US hypocritical in maintaining Syria sanctions

"We are providing humanitarian assistance to help Syrian earthquake victims. We are their leading humanitarian donor since the start of the war — the US has provided more than $15 billion to the Syrian people in Syria and the region. These funds go to the Syrian people, not the regime." This is what US Secretary of State Antony Blinken said on Twitter on Thursday. But he failed to say how the sanctions the US has imposed against Syria for decades have contributed to the misery of the nation.

It is the US sanctions that have made it extremely hard for Syrian people to conduct rescue work without the necessary tools after the earthquake.

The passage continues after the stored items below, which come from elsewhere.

(* Let $1\le s\le d$ and let $J\subseteq J_{\mathbb C}$. Then $J\in\mathcal J(s,\mathbb C)$ if and only if there exist $V\in\mathcal G(s,d)$ and a block column echelon basis $W$ of $V$ (with data $r$, $b_1,\dots,b_r$, $k_1<\dots<k_r$) such that $$\{k_j+1:\ j\in\{1,\dots,r\},\ b_j=1,\ d_{k_j+1}=2\}=J.$$
   Context: Fix $d_1,\dots,d_k\in\{1,2\}$ with $d=d_1+\dots+d_k$ and let $J_{\mathbb C}=\{j\in\{1,\dots,k\}:d_j=2\}$. Define $\mathcal J(s,\mathbb C)=\{J\subseteq J_{\mathbb C}:\ |J|\le\min(s,d-s),\ \text{and } s-|J| \text{ is even if } |J_{\mathbb C}|=k\}$. Block column echelon basis: the rows of $W\in\mathbb R^{d\times s}$ are partitioned into consecutive blocks of sizes $d_1,\dots,d_k$. A block column echelon basis of $V\in\mathcal G(s,d)$ is a $W\in\mathbb R^{d\times s}$ with $\mathrm{range}(W)=V$ whose columns are partitioned into consecutive groups of sizes $b_1,\dots,b_r\in\{1,2\}$, $\sum_jb_j=s$, such that, writing $W_{ij}\in\mathbb R^{d_i\times b_j}$ for the resulting blocks, there are indices $0\le k_1<\dots<k_r<k$ with $W_{ij}=0$ for $i\le k_j$ and $\mathrm{rank}(W_{k_j+1,j})=b_j$ (so $b_j=1$ whenever $d_{k_j+1}=1$). $\mathcal G(s,d)$ is the Grassmannian of $s$-dimensional subspaces of $\mathbb R^d$. *)

theory Defs
  imports "HOL-Analysis.Analysis" "Jordan_Normal_Form.DL_Rank"
begin

(* Conventions: the block sizes d_1,...,d_k are given by dd :: nat => nat on {1..k}
   (1-based, as in the paper).  Column groups b_1,...,b_r and indices k_1<...<k_r are
   given by b, kk :: nat => nat on {1..r}.  Matrices are Jordan_Normal_Form matrices,
   with 0-based row/column indices. *)

definition total_dim :: "nat \<Rightarrow> (nat \<Rightarrow> nat) \<Rightarrow> nat" where
  "total_dim k dd = (\<Sum>l=1..k. dd l)"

It is the civil war, which Washington instigated and in which it has supported opposition forces in their attempt to overthrow the Syrian government, that has caused years of misery and suffering for the Syrian people. It is estimated that about half a million civilians have been killed since the war began in 2011.

It is under the pressure of the international community that Washington announced on Thursday a 180-day exemption to its sanctions against Syria. The exemption is said to be only related to sanctions concerning earthquake relief efforts.

What makes the rescue efforts extremely difficult is the fact that the war has already ravaged Syria's northwest region where the earthquake took place. The exemption will do nothing to change the increasingly worse situation there.

When US Deputy Treasury Secretary Wally Adeyemo said: "I want to make very clear that US sanctions on Syria will not stand in the way of lifesaving efforts for the Syrian people," he was trying to whitewash the misery the US' sanctions have caused the Syrian people and the role the US has played in the war with the aim of overthrowing the regime of President Bashar Assad.

The US has imposed sanctions against the Middle East country for more than four decades since December 1979 after it designated the country a "State Sponsor of Terrorism". Since then it has repeatedly imposed additional measures. Politicians in Washington have turned a blind eye to what the sanctions have done to the life of Syrian people, and they have placed what Washington hopes to achieve in its geopolitical games before the well-being of local residents.

Human rights are constantly used by Washington as a pretext for whatever it does. But the irony is that consideration for human rights must be subject to Washington's geopolitical strategy. What is even more ridiculous is the fact that US military actions or its interference in other country's internal affairs including economic sanctions often lead to human rights disasters, as is the case in Syria.

It is typically hypocritical and shameful for Washington not to lift its sanctions on Syria while claiming that it is the major provider of humanitarian aid.